Importance of Data. Each time we sent out an email, we would wait a few hours and then collect a set of quick-hit data points for the SDRs. We separated the results into three buckets based on priority.
- Who engaged and downloaded information
- Who opened the email, but did nothing
- Who ignored the email
This was crucial because it gave SDRs greater focus on what really matters. The behavior change we saw immediately was they started concentrating 90 percent of their efforts on that first bucket – where engagement indicated there was real potential. So they weren’t wasting time chasing ghost leads.

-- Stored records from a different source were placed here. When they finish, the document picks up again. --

(* With the notation below, for every $k\in\mathbb{Z}$ one has $\hat N_{k-1}\subseteq\hat N_k$ and the index $[\hat N_k:\hat N_{k-1}]$ equals $q$.
   Context: Let $F$ be a non-archimedean local field with ring of integers $\mathfrak{o}$, uniformizer $\varpi$, and finite residue field of cardinality $q$. $X=X_{PGL_2(F)}$ is the Bruhat–Tits tree of $PGL_2(F)$: vertices are homothety classes of $\mathfrak{o}$-lattices in $F^2$, with $[L],[L']$ adjacent iff there are representatives with $\varpi L\subsetneq L'\subsetneq L$; it is $(q+1)$-regular. $d$ is the path-length distance; $\mathrm{Aut}(X)$ is the group of distance-preserving bijections of the vertex set with the topology of pointwise convergence, and $PGL_2(F)\hookrightarrow\mathrm{Aut}(X)$ via the linear action on lattices. For an edge $\eta=\{y_1,y_2\}$ and $e\ge1$, $B(\eta,e)=\{y:\min(d(y,y_1),d(y,y_2))\le e\}$, and $\hat G=\hat G^{(e)}=\{g\in\mathrm{Aut}(X):\forall\eta\ \exists g'\in PGL_2(F),\ g|_{B(\eta,e)}=g'|_{B(\eta,e)}\}$ for a fixed $e\ge1$. Ends are equivalence classes of infinite paths (agreeing after an index shift from some point on); $[x,\omega]$ denotes the unique infinite path from vertex $x$ in the class $\omega$. Fix a doubly infinite path $(x_n)_{n\in\mathbb{Z}}$; let $\omega$ be the end of $(x_n)_{n\ge0}$. Set $\hat B=\{g\in\hat G: g(\omega)=\omega\}$, $\hat N=\{b\in\hat B: b(x_i)=x_i\text{ for some }i\in\mathbb{Z}\}$, and for $k\in\mathbb{Z}$, $\hat N_k=\{n\in\hat N: n \text{ fixes every vertex of } [x_k,\omega]\}$. *)

theory Defs
  imports Main
begin

text \<open>The valuation v is only meaningful on nonzero elements; its value at 0 is irrelevant.\<close>

definition val_ring :: "('a::field \<Rightarrow> int) \<Rightarrow> 'a set" where
  "val_ring v = {x. x = 0 \<or> 0 \<le> v x}"

definition max_ideal :: "('a::field \<Rightarrow> int) \<Rightarrow> 'a set" where
  "max_ideal v = {x. x = 0 \<or> 0 < v x}"

definition residue_classes :: "('a::field \<Rightarrow> int) \<Rightarrow> 'a set set" where
  "residue_classes v = (\<lambda>x. {y \<in> val_ring v. y - x \<in> max_ideal v}) ` val_ring v"

definition val_complete :: "('a::field \<Rightarrow> int) \<Rightarrow> bool" where
  "val_complete v \<longleftrightarrow>
    (\<forall>s :: nat \<Rightarrow> 'a.
       (\<forall>N::int. \<exists>M. \<forall>m n. M \<le> m \<longrightarrow> M \<le> n \<longrightarrow> s m = s n \<or> N \<le> v (s m - s n))
       \<longrightarrow> (\<exists>L. \<forall>N::int. \<exists>M. \<forall>n. M \<le> n \<longrightarrow> s n = L \<or> N \<le> v (s n - L)))"

definition nonarch_local_field :: "('a::field \<Rightarrow> int) \<Rightarrow> nat \<Rightarrow> bool" where
  "nonarch_local_field v q \<longleftrightarrow>
     (\<forall>x y. x \<noteq> 0 \<longrightarrow> y \<noteq> 0 \<longrightarrow> v (x * y) = v x + v y) \<and>
     (\<forall>x y. x \<noteq> 0 \<longrightarrow> y \<noteq> 0 \<longrightarrow> x + y \<noteq> 0 \<longrightarrow> min (v x) (v y) \<le> v (x + y)) \<and>
     (\<exists>\<pi>. \<pi> \<noteq> 0 \<and> v \<pi> = 1) \<and>
     val_complete v \<and>
     finite (residue_classes v) \<and> card (residue_classes v) = q"

definition olattice :: "('a::field \<Rightarrow> int) \<Rightarrow> ('a \<times> 'a) set \<Rightarrow> bool" where
  "olattice v L \<longleftrightarrow> (\<exists>u1 u2 w1 w2. u1 * w2 - u2 * w1 \<noteq> 0 \<and>
      L = {(a * u1 + b * w1, a * u2 + b * w2) | a b. a \<in> val_ring v \<and> b \<in> val_ring v})"

definition scale :: "'a::field \<Rightarrow> ('a \<times> 'a) set \<Rightarrow> ('a \<times> 'a) set" where
  "scale c L = (\<lambda>(x, y). (c * x, c * y)) ` L"

definition hclass :: "('a::field \<Rightarrow> int) \<Rightarrow> ('a \<times> 'a) set \<Rightarrow> ('a \<times> 'a) set set" where
  "hclass v L = {scale c L | c. c \<noteq> 0}"

definition BT_vertices :: "('a::field \<Rightarrow> int) \<Rightarrow> ('a \<times> 'a) set set set" where
  "BT_vertices v = {hclass v L | L. olattice v L}"

definition BT_adj :: "('a::field \<Rightarrow> int) \<Rightarrow> ('a \<times> 'a) set set \<Rightarrow> ('a \<times> 'a) set set \<Rightarrow> bool" where
  "BT_adj v X Y \<longleftrightarrow> X \<in> BT_vertices v \<and> Y \<in> BT_vertices v \<and>
     (\<exists>L \<in> X. \<exists>L' \<in> Y. \<exists>\<pi>. \<pi> \<noteq> 0 \<and> v \<pi> = 1 \<and> scale \<pi> L \<subset> L' \<and> L' \<subset> L)"

definition BT_dist :: "('a::field \<Rightarrow> int) \<Rightarrow> ('a \<times> 'a) set set \<Rightarrow> ('a \<times> 'a) set set \<Rightarrow> nat" where
  "BT_dist v X Y = (LEAST n. \<exists>p. p 0 = X \<and> p n = Y \<and> (\<forall>i<n. BT_adj v (p i) (p (Suc i))))"

text \<open>Automorphisms: distance-preserving bijections of the vertex set
  (extended by the identity outside the vertex set, so that they are determined by
  their action on vertices).\<close>
definition BT_aut :: "('a::field \<Rightarrow> int) \<Rightarrow> (('a \<times> 'a) set set \<Rightarrow> ('a \<times> 'a) set set) \<Rightarrow> bool" where
  "BT_aut v g \<longleftrightarrow> bij_betw g (BT_vertices v) (BT_vertices v) \<and>
     (\<forall>X \<in> BT_vertices v. \<forall>Y \<in> BT_vertices v. BT_dist v (g X) (g Y) = BT_dist v X Y) \<and>
     (\<forall>X. X \<notin> BT_vertices v \<longrightarrow> g X = X)"

definition lin_act :: "'a::field \<times> 'a \<times> 'a \<times> 'a \<Rightarrow> 'a \<times> 'a \<Rightarrow> 'a \<times> 'a" where
  "lin_act M p = (case M of (a, b, c, d) \<Rightarrow> (case p of (x, y) \<Rightarrow> (a * x + b * y, c * x + d * y)))"

definition mat_vact :: "'a::field \<times> 'a \<times> 'a \<times> 'a \<Rightarrow> ('a \<times> 'a) set set \<Rightarrow> ('a \<times> 'a) set set" where
  "mat_vact M X = (\<lambda>L. lin_act M ` L) ` X"

definition invertible_mat :: "'a::field \<times> 'a \<times> 'a \<times> 'a \<Rightarrow> bool" where
  "invertible_mat M \<longleftrightarrow> (case M of (a, b, c, d) \<Rightarrow> a * d - b * c \<noteq> 0)"

definition edge_ball :: "('a::field \<Rightarrow> int) \<Rightarrow> ('a \<times> 'a) set set \<Rightarrow> ('a \<times> 'a) set set \<Rightarrow> nat \<Rightarrow> ('a \<times> 'a) set set set" where
  "edge_ball v y1 y2 e = {y \<in> BT_vertices v. min (BT_dist v y y1) (BT_dist v y y2) \<le> e}"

Taking an account-based approach, the SDRs also found other relevant people who worked at the companies from the “A” list and reached out to them. (I have heard different names used for this exercise, but we called it “starbursting.”)
Since we targeted at least four people from each company, we were able to prioritize those accounts where multiple people showed activity. Because the target list was just 500 companies, it was possible to do this with Salesforce reports rather than some sophisticated account scoring tool.
Iteration. We scheduled a daily, 15-minute huddle between sales and marketing to gauge our progress. What were SDRs hearing? What content resonated with prospects? What wasn’t working? How could marketing tweak the messaging to make it more compelling? That feedback was extremely effective in helping us refine our efforts.
Results. We originally called this the “25-13” campaign — for our goal of 25 meetings in the 13-week quarter. Well, we ended up with 56 meetings, all with VP-and-higher-level prospects. In other words, the results were mind-blowing. When your marketing team is passing along leads or MQLs to sales, there’s always the question about what that really means in terms of ultimately becoming pipeline and revenue. But when sales and marketing cooperate to schedule meetings, well, there’s no argument about that outcome.
All of this might sound pretty basic for someone who has been doing ABM. But for the other 99 percent out there, this approach will get you started before buying expensive tools.
Now, technology absolutely would have made a difference. For instance, a solution to target impressions towards our ideal personas in those accounts would have been beneficial. But my point is you need to develop your playbook first, test your strategy and only then see what solutions might help you overcome the problems you encounter. (And small plug here: my company, LeanData, has best-in-class, lead-to-account matching and routing that can be the foundation of a successful ABM strategy.)
So, yes, tools can help. But technology itself isn’t ABM. It needs to enable ABM. No marketer should ever wait for a tech stack to be account-based. You have the ability to do this — now.
Ashwath Kakhandiki is the Vice President of Marketing at LeanData.